Summer by Edith Wharton

As she continued to watch him ineffable relief stole slowly over her, relaxing her strained nerves and exhausted body. He knew, then…he knew…it was because he knew that he had married her, and that he sat there in the darkness to show her she was safe with him. A stir of something deeper than she had ever felt in thinking of him flitted through her tired brain, and cautiously, noiselessly, she let her head sink on the pillow….

When she woke the room was full of morning light, and her first glance showed her that she was alone in it. She got up and dressed, and as she was fastening her dress the door opened, and Mr. Royall came in. He looked old and tired in the bright daylight, but his face wore the same expression of grave friendliness that had reassured her on the Mountain. It was as if all the dark spirits had gone out of him.

They went downstairs to the dining-room for breakfast, and after breakfast he told her he had some insurance business to attend to. “I guess while I’m doing it you’d better step out and buy yourself whatever you need.” He smiled, and added with an embarrassed laugh: “You know I always wanted you to beat all the other girls.” He drew something from his pocket, and pushed it across the table to her; and she saw that he had given her two twenty-dollar bills. “If it ain’t enough there’s more where that come from–I want you to beat ’em all hollow,” he repeated.

She flushed and tried to stammer out her thanks, but he had pushed back his chair and was leading the way out of the dining-room. In the hall he paused a minute to say that if it suited her they would take the three o’clock train back to North Dormer; then he took his hat and coat from the rack and went out.

A few minutes later Charity went out, too. She had watched to see in what direction he was going, and she took the opposite way and walked quickly down the main street to the brick building on the corner of Lake Avenue. There she paused to look cautiously up and down the thoroughfare, and then climbed the brass-bound stairs to Dr. Merkle’s door. The same bushy-headed mulatto girl admitted her, and after the same interval of waiting in the red plush parlor she was once more summoned to Dr. Merkle’s office. The doctor received her without surprise, and led her into the inner plush sanctuary.

“I thought you’d be back, but you’ve come a mite too soon: I told you to be patient and not fret,” she observed, after a pause of penetrating scrutiny.

Charity drew the money from her breast. “I’ve come to get my blue brooch,” she said, flushing.

“Your brooch?” Dr. Merkle appeared not to remember. “My, yes–I get so many things of that kind. Well, my dear, you’ll have to wait while I get it out of the safe. I don’t leave valuables like that laying round like the noospaper.”
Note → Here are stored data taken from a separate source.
lemma range_zero_eigen_proj:
  assumes sd: "is_spectral_decomp A lam psi"
  shows "range (\<lambda>y. zero_eigen_proj lam psi *v y) = {v. A *v v = 0}"
proof (intro set_eqI iffI)
  have onb: "orthonormal_basis psi"
    using sd by (rule spectral_decomp_orthonormal)
  fix v
  show "v \<in> {v. A *v v = 0}" if "v \<in> range (\<lambda>y. zero_eigen_proj lam psi *v y)"
    using that by (auto simp: spectral_decomp_kernel[OF sd] cinner_zero_eigen_proj[OF onb]
        split: if_splits)
  show "v \<in> range (\<lambda>y. zero_eigen_proj lam psi *v y)" if "v \<in> {v. A *v v = 0}"
  proof -
    have "zero_eigen_proj lam psi *v v = v"
      using that by (intro orthonormal_basis_eqI[OF onb])
        (auto simp: cinner_zero_eigen_proj[OF onb] spectral_decomp_kernel[OF sd])
    then show ?thesis
      by (metis rangeI)
  qed
qed

lemma kernel_proj_spectral:
  assumes sd: "is_spectral_decomp A lam psi"
  shows "kernel_proj A = zero_eigen_proj lam psi"
  unfolding kernel_proj_def
proof (rule the_equality)
  have onb: "orthonormal_basis psi"
    using sd by (rule spectral_decomp_orthonormal)
  show "hermitian_op (zero_eigen_proj lam psi) \<and>
      zero_eigen_proj lam psi ** zero_eigen_proj lam psi = zero_eigen_proj lam psi \<and>
      range (\<lambda>y. zero_eigen_proj lam psi *v y) = {v. A *v v = 0}"
    using hermitian_zero_eigen_proj zero_eigen_proj_idempotent[OF onb] range_zero_eigen_proj[OF sd]
    by blast
  show "P = zero_eigen_proj lam psi"
    if "hermitian_op P \<and> P ** P = P \<and> range (\<lambda>y. P *v y) = {v. A *v v = 0}" for P
    using that hermitian_idempotent_eqI[OF _ _ hermitian_zero_eigen_proj zero_eigen_proj_idempotent[OF onb]]
      range_zero_eigen_proj[OF sd] by metis
qed

lemma zero_eigen_proj_sandwich_eq_0_iff:
  assumes onb: "orthonormal_basis psi"
  shows "zero_eigen_proj lam psi ** D ** zero_eigen_proj lam psi = 0 \<longleftrightarrow>
    (\<forall>j k. lam j = 0 \<and> lam k = 0 \<longrightarrow> cinner (psi j) (D *v psi k) = 0)"
proof -
  let ?P = "zero_eigen_proj lam psi"
  have sandwich: "cinner (psi j) ((?P ** D ** ?P) *v y)
      = (if lam j = 0 then cinner (psi j) (D *v (?P *v y)) else 0)" for j y
    by (simp add: matrix_vector_mul_assoc[symmetric] cinner_zero_eigen_proj[OF onb])
  have fixed: "?P *v psi k = psi k" if "lam k = 0" for k
    using that by (intro orthonormal_basis_eqI[OF onb])
      (simp add: cinner_zero_eigen_proj[OF onb] orthonormal_basis_cinner[OF onb])
  show ?thesis
  proof
    assume "?P ** D ** ?P = 0"
    show "\<forall>j k. lam j = 0 \<and> lam k = 0 \<longrightarrow> cinner (psi j) (D *v psi k) = 0"
    proof (intro allI impI)
      fix j k assume "lam j = 0 \<and> lam k = 0"
      then have "cinner (psi j) (D *v psi k) = cinner (psi j) ((?P ** D ** ?P) *v psi k)"
        by (simp add: sandwich fixed)
      then show "cinner (psi j) (D *v psi k) = 0"
        using \<open>?P ** D ** ?P = 0\<close> by simp
    qed
  next
    assume zero: "\<forall>j k. lam j = 0 \<and> lam k = 0 \<longrightarrow> cinner (psi j) (D *v psi k) = 0"
    have "cinner (psi j) (D *v (?P *v y)) = 0" if "lam j = 0" for j y
      using zero that
      by (simp add: zero_eigen_proj_apply vec.sum cinner_sum_right)
         (auto intro!: sum.neutral simp: vector_scalar_commute cinner_smult_right)
    then show "?P ** D ** ?P = 0"
      unfolding matrix_eq
      by (intro allI orthonormal_basis_eqI[OF onb]) (simp add: sandwich)
  qed
qed

section \<open>The SLD Fisher information in spectral form\<close>

definition sld_weight :: "real \<Rightarrow> real \<Rightarrow> real" where
  "sld_weight x y = (if x + y > 0 then 1 / (x + y) else 0)"

lemma sld_weight_nonneg: "0 \<le> sld_weight x y"
  by (simp add: sld_weight_def)

lemma sum_positive_pairs_eq_eigen_weighted_sum:
  "(\<Sum>(j,k)\<in>{(j,k). lam j + lam k > 0}. (cmod (cinner (psi j) (D *v psi k)))\<^sup>2 / (lam j + lam k))
    = eigen_weighted_sum sld_weight D lam (psi :: 'n::finite \<Rightarrow> complex^'n)"
proof -
  let ?g = "\<lambda>j k. (cmod (cinner (psi j) (D *v psi k)))\<^sup>2 / (lam j + lam k)"
  have "(\<Sum>(j,k)\<in>{(j,k). lam j + lam k > 0}. ?g j k)
      = (\<Sum>(j,k)\<in>{x\<in>UNIV. case x of (j,k) \<Rightarrow> lam j + lam k > 0}. ?g j k)"
    by (rule sum.cong) auto
  also have "\<dots> = (\<Sum>(j,k)\<in>UNIV \<times> UNIV. if lam j + lam k > 0 then ?g j k else 0)"
    by (subst sum.inter_filter) (auto intro!: sum.cong)
  also have "\<dots> = eigen_weighted_sum sld_weight D lam psi"
    unfolding eigen_weighted_sum_def sld_weight_def sum.cartesian_product[symmetric]
    by (intro sum.cong refl) auto
  finally show ?thesis .
qed

text \<open>By basis independence, the decomposition chosen by \<open>SOME\<close> in \<open>sld_fisher\<close> may be
  replaced by any given one.\<close>
lemma sld_fisher_spectral:
  assumes sd: "is_spectral_decomp A lam psi"
  shows "sld_fisher A D =
    (if \<forall>j k. lam j = 0 \<and> lam k = 0 \<longrightarrow> cinner (psi j) (D *v psi k) = 0
     then ereal (2 * eigen_weighted_sum sld_weight D lam psi) else \<infinity>)"
proof -
  have "\<exists>p. case p of (l, ps) \<Rightarrow> is_spectral_decomp A l ps"
    using hermitian_spectral_decomp[OF spectral_decomp_hermitian[OF sd]] by auto
  then obtain l ps where chosen: "(SOME (l, ps). is_spectral_decomp A l ps) = (l, ps)"
    and "is_spectral_decomp A l ps"
    by (metis (mono_tags, lifting) case_prodE someI_ex)
  then have "eigen_weighted_sum sld_weight D l ps = eigen_weighted_sum sld_weight D lam psi"
    using eigen_weighted_sum_basis_independent[OF _ sd] by blast
  then show ?thesis
    unfolding sld_fisher_def kernel_proj_spectral[OF sd]
      zero_eigen_proj_sandwich_eq_0_iff[OF spectral_decomp_orthonormal[OF sd]] chosen
    by (simp add: sum_positive_pairs_eq_eigen_weighted_sum)
qed

section \<open>Depolarization\<close>

lemma tendsto_sld_weight_depolarized:
  fixes l1 l2 d :: real
  assumes "0 \<le> l1" "0 \<le> l2" "0 < d" "0 < l1 + l2"
  shows "((\<lambda>e. sld_weight ((1 - e) * l1 + e / d) ((1 - e) * l2 + e / d)) \<longlongrightarrow> sld_weight l1 l2)
    (at_right 0)"
proof -
  have eq: "\<forall>\<^sub>F e in at_right 0. 1 / ((1 - e) * (l1 + l2) + 2 * e / d)
      = sld_weight ((1 - e) * l1 + e / d) ((1 - e) * l2 + e / d)"
  proof (rule eventually_mono[OF eventually_at_right_real[of 0 1]])
    fix e :: real assume "e \<in> {0<..<1}"
    then have "0 < (1 - e) * (l1 + l2) + 2 * e / d"
      using assms by (simp add: add_pos_pos)
    then show "1 / ((1 - e) * (l1 + l2) + 2 * e / d)
        = sld_weight ((1 - e) * l1 + e / d) ((1 - e) * l2 + e / d)"
      by (simp add: sld_weight_def algebra_simps)
  qed simp
  have "((\<lambda>e. 1 / ((1 - e) * (l1 + l2) + 2 * e / d)) \<longlongrightarrow> sld_weight l1 l2) (at_right 0)"
    using assms by (auto simp: sld_weight_def intro!: tendsto_eq_intros)
  then show ?thesis
    using tendsto_cong[OF eq] by simp
qed

lemma sld_weight_depolarized_at_top:
  fixes d x :: real
  assumes "0 < d" "0 < x"
  shows "filterlim (\<lambda>e. (1 - e)\<^sup>2 * (sld_weight (e / d) (e / d) * x)) at_top (at_right 0)"
proof -
  have eq: "\<forall>\<^sub>F e in at_right 0. (1 - e)\<^sup>2 * x * d / (2 * e) = (1 - e)\<^sup>2 * (sld_weight (e / d) (e / d) * x)"
    by (rule eventually_mono[OF eventually_at_right_real[of 0 1]])
       (use assms in \<open>auto simp: sld_weight_def field_simps\<close>)
  have "filterlim (\<lambda>e. (1 - e)\<^sup>2 * x * d / (2 * e)) at_top (at_right 0)"
    using assms by real_asymp
  then show ?thesis
    using filterlim_cong[OF refl refl eq] by simp
qed

lemma sld_fisher_depolarized:
  fixes A D :: "complex^'n^'n"
  assumes sd: "is_spectral_decomp A lam psi" and lam_nonneg: "\<And>j. 0 \<le> lam j"
    and "0 < d" "0 < e" "e < 1"
  shows "sld_fisher ((1 - e) *\<^sub>R A + (e / d) *\<^sub>R mat 1) ((1 - e) *\<^sub>R D)
    = ereal (2 * ((1 - e)\<^sup>2 * eigen_weighted_sum sld_weight D (\<lambda>j. (1 - e) * lam j + e / d) psi))"
proof -
  have "0 < (1 - e) * lam j + e / d" for j
    using lam_nonneg[of j] assms(3-5) by (intro add_nonneg_pos mult_nonneg_nonneg divide_pos_pos) auto
  then have "(1 - e) * lam j + e / d \<noteq> 0" for j
    by (metis less_irrefl)
  then show ?thesis
    by (simp add: sld_fisher_spectral[OF spectral_decomp_depolarize[OF sd]] eigen_weighted_sum_scaleR)
qed

lemma tendsto_eigen_weighted_sum_depolarized:
  assumes lam_nonneg: "\<And>j. 0 \<le> lam j" and "0 < d"
    and kernel: "\<forall>j k. lam j = 0 \<and> lam k = 0 \<longrightarrow> cinner (psi j) (D *v psi k) = 0"
  shows "((\<lambda>e. eigen_weighted_sum sld_weight D (\<lambda>j. (1 - e) * lam j + e / d) psi)
    \<longlongrightarrow> eigen_weighted_sum sld_weight D lam psi) (at_right 0)"
  unfolding eigen_weighted_sum_def
proof (intro tendsto_sum)
  fix j k
  show "((\<lambda>e. sld_weight ((1 - e) * lam j + e / d) ((1 - e) * lam k + e / d)
      * (cmod (cinner (psi j) (D *v psi k)))\<^sup>2)
    \<longlongrightarrow> sld_weight (lam j) (lam k) * (cmod (cinner (psi j) (D *v psi k)))\<^sup>2) (at_right 0)"
  proof (cases "0 < lam j + lam k")
    case True
    then show ?thesis
      by (intro tendsto_mult_right tendsto_sld_weight_depolarized lam_nonneg \<open>0 < d\<close>)
  next
    case False
    then have "lam j = 0" "lam k = 0"
      using lam_nonneg[of j] lam_nonneg[of k] by linarith+
    then show ?thesis
      using kernel by simp
  qed
qed

lemma eigen_weighted_sum_depolarized_at_top:
  assumes "0 < d" and "lam j = 0" "lam k = 0" and "cinner (psi j) (D *v psi k) \<noteq> 0"
  shows "filterlim (\<lambda>e. 2 * ((1 - e)\<^sup>2 * eigen_weighted_sum sld_weight D (\<lambda>j. (1 - e) * lam j + e / d) psi))
    at_top (at_right 0)"
proof (rule filterlim_at_top_mono[OF _ always_eventually, rotated], intro allI)
  fix e :: real
  let ?t = "sld_weight (e / d) (e / d) * (cmod (cinner (psi j) (D *v psi k)))\<^sup>2"
  let ?S = "eigen_weighted_sum sld_weight D (\<lambda>j. (1 - e) * lam j + e / d) psi"
  have "0 \<le> ?t"
    by (simp add: sld_weight_nonneg)
  moreover have "?t \<le> ?S"
    using eigen_weighted_sum_ge_term[where h=sld_weight and lam="\<lambda>i. (1 - e) * lam i + e / d"
        and j=j and k=k, OF sld_weight_nonneg] assms(2,3) by simp
  ultimately have "(1 - e)\<^sup>2 * ?t \<le> (1 - e)\<^sup>2 * ?S" and "0 \<le> (1 - e)\<^sup>2 * ?S"
    by (simp_all add: mult_left_mono)
  then show "(1 - e)\<^sup>2 * ?t \<le> 2 * ((1 - e)\<^sup>2 * ?S)"
    by linarith
next
  show "filterlim (\<lambda>e. (1 - e)\<^sup>2 * (sld_weight (e / d) (e / d) * (cmod (cinner (psi j) (D *v psi k)))\<^sup>2))
      at_top (at_right 0)"
    using sld_weight_depolarized_at_top[OF \<open>0 < d\<close>] assms(4) by simp
qed

lemma tendsto_sld_fisher_depolarized:
  fixes A D :: "complex^'n^'n" and d :: real
  assumes herm: "hermitian_op A" and psd: "\<forall>v. 0 \<le> Re (cinner v (A *v v))" and "0 < d"
  shows "((\<lambda>e. sld_fisher ((1 - e) *\<^sub>R A + (e / d) *\<^sub>R mat 1) ((1 - e) *\<^sub>R D))
    \<longlongrightarrow> sld_fisher A D) (at_right 0)"
proof -
  obtain lam psi where sd: "is_spectral_decomp A lam psi"
    using hermitian_spectral_decomp[OF herm] by blast
  have lam_nonneg: "0 \<le> lam j" for j
    using spectral_decomp_nonneg[OF sd psd] .
  define F where "F e = ereal (2 * ((1 - e)\<^sup>2 *
    eigen_weighted_sum sld_weight D (\<lambda>j. (1 - e) * lam j + e / d) psi))" for e
  have depolarized: "\<forall>\<^sub>F e in at_right 0. sld_fisher ((1 - e) *\<^sub>R A + (e / d) *\<^sub>R mat 1) ((1 - e) *\<^sub>R D) = F e"
    unfolding F_def
    by (rule eventually_mono[OF eventually_at_right_real[of 0 1]])
       (auto intro: sld_fisher_depolarized[OF sd lam_nonneg \<open>0 < d\<close>])
  have "(F \<longlongrightarrow> sld_fisher A D) (at_right 0)"
  proof (cases "\<forall>j k. lam j = 0 \<and> lam k = 0 \<longrightarrow> cinner (psi j) (D *v psi k) = 0")
    case True
    have "(F \<longlongrightarrow> ereal (2 * ((1 - 0)\<^sup>2 * eigen_weighted_sum sld_weight D lam psi))) (at_right 0)"
      unfolding F_def
      by (intro tendsto_intros tendsto_eigen_weighted_sum_depolarized[OF lam_nonneg \<open>0 < d\<close> True])
    then show ?thesis
      unfolding sld_fisher_spectral[OF sd] if_P[OF True] by simp
  next
    case False
    then obtain j k where "lam j = 0" "lam k = 0" "cinner (psi j) (D *v psi k) \<noteq> 0"
      by blast
    then have "(F \<longlongrightarrow> \<infinity>) (at_right 0)"
      unfolding F_def tendsto_PInfty_eq_at_top by (rule eigen_weighted_sum_depolarized_at_top[OF \<open>0 < d\<close>])
    then show ?thesis
      unfolding sld_fisher_spectral[OF sd] if_not_P[OF False] .
  qed
  then show ?thesis
    using tendsto_cong[OF depolarized] by simp
qed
She disappeared for a moment, and returned with a bit of twisted-up tissue paper from which she unwrapped the brooch.

Charity, as she looked at it, felt a stir of warmth at her heart. She held out an eager hand.

“Have you got the change?” she asked a little breathlessly, laying one of the twenty-dollar bills on the table.

“Change? What’d I want to have change for? I only see two twenties there,” Dr. Merkle answered brightly.

Charity paused, disconcerted. “I thought…you said it was five dollars a visit….”

“For YOU, as a favour–I did. But how about the responsibility and the insurance? I don’t s’pose you ever thought of that? This pin’s worth a hundred dollars easy. If it had got lost or stole, where’d I been when you come to claim it?”

Charity remained silent, puzzled and half-convinced by the argument, and Dr. Merkle promptly followed up her advantage. “I didn’t ask you for your brooch, my dear. I’d a good deal ruther folks paid me my regular charge than have ’em put me to all this trouble.”

She paused, and Charity, seized with a desperate longing to escape, rose to her feet and held out one of the bills.